**EXERCISE DESCRIPTION**
Repeat the data in full. Every line must match.

┌────────

lemma complete_walks_two_of_three:
  assumes two: "card V \<ge> 2" and b: "b1 \<in> V" "b2 \<in> V" "b3 \<in> V"
    and nz: "\<not> (d1 = 0 \<and> d2 = 0)" "\<not> (d1 = 0 \<and> d3 = 0)" "\<not> (d2 = 0 \<and> d3 = 0)"
  obtains L ys1 ys2 ys3 z1 z2 z3 where "L \<in> V"
    "complete_walk V ys1 d1 L z1" "complete_walk V ys2 d2 L z2" "complete_walk V ys3 d3 L z3"
    "(z1 = b1 \<and> z2 = b2) \<or> (z1 = b1 \<and> z3 = b3) \<or> (z2 = b2 \<and> z3 = b3)"
proof -
  have "\<exists>L\<in>V. complete_walkable V d1 L b1 \<and> complete_walkable V d2 L b2 \<or>
      complete_walkable V d1 L b1 \<and> complete_walkable V d3 L b3 \<or>
      complete_walkable V d2 L b2 \<and> complete_walkable V d3 L b3"
  proof (cases "card V = 2")
    case True
    then show ?thesis by (rule ex_start_two_of_three_card_2[OF _ b])
  next
    case False
    then have "card V \<ge> 3" using two by simp
    then show ?thesis by (rule ex_start_two_of_three_card_ge_3[OF _ b nz])
  qed
  then obtain L where L: "L \<in> V" and two_of: "complete_walkable V d1 L b1 \<and> complete_walkable V d2 L b2 \<or>
      complete_walkable V d1 L b1 \<and> complete_walkable V d3 L b3 \<or>
      complete_walkable V d2 L b2 \<and> complete_walkable V d3 L b3" ..
  obtain ys1 ys2 ys3 z1 z2 z3 where
    "complete_walk V ys1 d1 L z1" "complete_walk V ys2 d2 L z2" "complete_walk V ys3 d3 L z3"
    "(z1 = b1 \<and> z2 = b2) \<or> (z1 = b1 \<and> z3 = b3) \<or> (z2 = b2 \<and> z3 = b3)"
    by (rule complete_walks_from_two_targets[OF two L two_of])
  then show thesis by (rule that[OF L])
qed

lemma complete_walk_from_pair:
  assumes h: "h1 \<in> V" "h2 \<in> V" "h3 \<in> V" "h1 \<noteq> h2" and two: "card V \<ge> 2" and m: "m \<ge> 1"
  obtains z ys where "z = h1 \<or> z = h2" "complete_walk V ys m z h3"
proof (cases "card V = 2")
  case True
  have "V = {h1, h2}"
  proof (rule card_subset_eq[symmetric])
    show "finite V" using True card.infinite by fastforce
    show "{h1, h2} \<subseteq> V" using h by blast
    show "card {h1, h2} = card V" using True h(4) by simp
  qed
  then have "(h1 = h3) = even m \<or> (h2 = h3) = even m" using h by auto
  then show thesis using ex_complete_walk_card_2[OF True _ h(3)] h(1,2) that by blast
next
  case False
  then have three: "card V \<ge> 3" using two by simp
  obtain z where z: "z = h1 \<or> z = h2" "z \<noteq> h3" using h(4) by metis
  moreover have "z \<in> V" using z(1) h by blast
  moreover have "(m = 0 \<and> z = h3) \<or> (m = 1 \<and> z \<noteq> h3) \<or> m \<ge> 2" using z(2) m by auto
  ultimately have "\<exists>ys. complete_walk V ys m z h3"
    using ex_complete_walk_card_ge_3[OF three _ h(3)] by blast
  then show thesis using that z(1) by blast
qed

section \<open>A rainbow colouring of the lexicographic product\<close>

lemma lex_edges_sgraph:
  assumes sG: "sgraph VG EG" and sH: "sgraph VH EH"
  shows "sgraph (VG \<times> VH) (lex_edges VG EG VH EH)"
  unfolding sgraph_def
proof (intro conjI ballI)
  show "finite (VG \<times> VH)" using sG sH by (simp add: sgraph_def)
  fix e assume "e \<in> lex_edges VG EG VH EH"
  then obtain g1 h1 g2 h2 where e: "e = {(g1, h1), (g2, h2)}" "g1 \<in> VG" "g2 \<in> VG" "h1 \<in> VH" "h2 \<in> VH"
    "{g1, g2} \<in> EG \<or> (g1 = g2 \<and> {h1, h2} \<in> EH)" unfolding lex_edges_def by blast
  have "(g1, h1) \<noteq> (g2, h2)" using e(6) sgraph_edge_neq[OF sG, of g1 g2] sgraph_edge_neq[OF sH, of h1 h2] by auto
  then show "\<exists>u v. u \<in> VG \<times> VH \<and> v \<in> VG \<times> VH \<and> u \<noteq> v \<and> e = {u, v}" using e by blast
qed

└────────

**TASK RESULT**
lemma complete_walks_two_of_three:
  assumes two: "card V \<ge> 2" and b: "b1 \<in> V" "b2 \<in> V" "b3 \<in> V"
    and nz: "\<not> (d1 = 0 \<and> d2 = 0)" "\<not> (d1 = 0 \<and> d3 = 0)" "\<not> (d2 = 0 \<and> d3 = 0)"
  obtains L ys1 ys2 ys3 z1 z2 z3 where "L \<in> V"
    "complete_walk V ys1 d1 L z1" "complete_walk V ys2 d2 L z2" "complete_walk V ys3 d3 L z3"
    "(z1 = b1 \<and> z2 = b2) \<or> (z1 = b1 \<and> z3 = b3) \<or> (z2 = b2 \<and> z3 = b3)"
proof -
  have "\<exists>L\<in>V. complete_walkable V d1 L b1 \<and> complete_walkable V d2 L b2 \<or>
      complete_walkable V d1 L b1 \<and> complete_walkable V d3 L b3 \<or>
      complete_walkable V d2 L b2 \<and> complete_walkable V d3 L b3"
  proof (cases "card V = 2")
    case True
    then show ?thesis by (rule ex_start_two_of_three_card_2[OF _ b])
  next
    case False
    then have "card V \<ge> 3" using two by simp
    then show ?thesis by (rule ex_start_two_of_three_card_ge_3[OF _ b nz])
  qed
  then obtain L where L: "L \<in> V" and two_of: "complete_walkable V d1 L b1 \<and> complete_walkable V d2 L b2 \<or>
      complete_walkable V d1 L b1 \<and> complete_walkable V d3 L b3 \<or>
      complete_walkable V d2 L b2 \<and> complete_walkable V d3 L b3" ..
  obtain ys1 ys2 ys3 z1 z2 z3 where
    "complete_walk V ys1 d1 L z1" "complete_walk V ys2 d2 L z2" "complete_walk V ys3 d3 L z3"
    "(z1 = b1 \<and> z2 = b2) \<or> (z1 = b1 \<and> z3 = b3) \<or> (z2 = b2 \<and> z3 = b3)"
    by (rule complete_walks_from_two_targets[OF two L two_of])
  then show thesis by (rule that[OF L])
qed

lemma complete_walk_from_pair:
  assumes h: "h1 \<in> V" "h2 \<in> V" "h3 \<in> V" "h1 \<noteq> h2" and two: "card V \<ge> 2" and m: "m \<ge> 1"
  obtains z ys where "z = h1 \<or> z = h2" "complete_walk V ys m z h3"
proof (cases "card V = 2")
  case True
  have "V = {h1, h2}"
  proof (rule card_subset_eq[symmetric])
    show "finite V" using True card.infinite by fastforce
    show "{h1, h2} \<subseteq> V" using h by blast
    show "card {h1, h2} = card V" using True h(4) by simp
  qed
  then have "(h1 = h3) = even m \<or> (h2 = h3) = even m" using h by auto
  then show thesis using ex_complete_walk_card_2[OF True _ h(3)] h(1,2) that by blast
next
  case False
  then have three: "card V \<ge> 3" using two by simp
  obtain z where z: "z = h1 \<or> z = h2" "z \<noteq> h3" using h(4) by metis
  moreover have "z \<in> V" using z(1) h by blast
  moreover have "(m = 0 \<and> z = h3) \<or> (m = 1 \<and> z \<noteq> h3) \<or> m \<ge> 2" using z(2) m by auto
  ultimately have "\<exists>ys. complete_walk V ys m z h3"
    using ex_complete_walk_card_ge_3[OF three _ h(3)] by blast
  then show thesis using that z(1) by blast
qed

section \<open>A rainbow colouring of the lexicographic product\<close>

lemma lex_edges_sgraph:
  assumes sG: "sgraph VG EG" and sH: "sgraph VH EH"
  shows "sgraph (VG \<times> VH) (lex_edges VG EG VH EH)"
  unfolding sgraph_def
proof (intro conjI ballI)
  show "finite (VG \<times> VH)" using sG sH by (simp add: sgraph_def)
  fix e assume "e \<in> lex_edges VG EG VH EH"
  then obtain g1 h1 g2 h2 where e: "e = {(g1, h1), (g2, h2)}" "g1 \<in> VG" "g2 \<in> VG" "h1 \<in> VH" "h2 \<in> VH"
    "{g1, g2} \<in> EG \<or> (g1 = g2 \<and> {h1, h2} \<in> EH)" unfolding lex_edges_def by blast
  have "(g1, h1) \<noteq> (g2, h2)" using e(6) sgraph_edge_neq[OF sG, of g1 g2] sgraph_edge_neq[OF sH, of h1 h2] by auto
  then show "\<exists>u v. u \<in> VG \<times> VH \<and> v \<in> VG \<times> VH \<and> u \<noteq> v \<and> e = {u, v}" using e by blast
qed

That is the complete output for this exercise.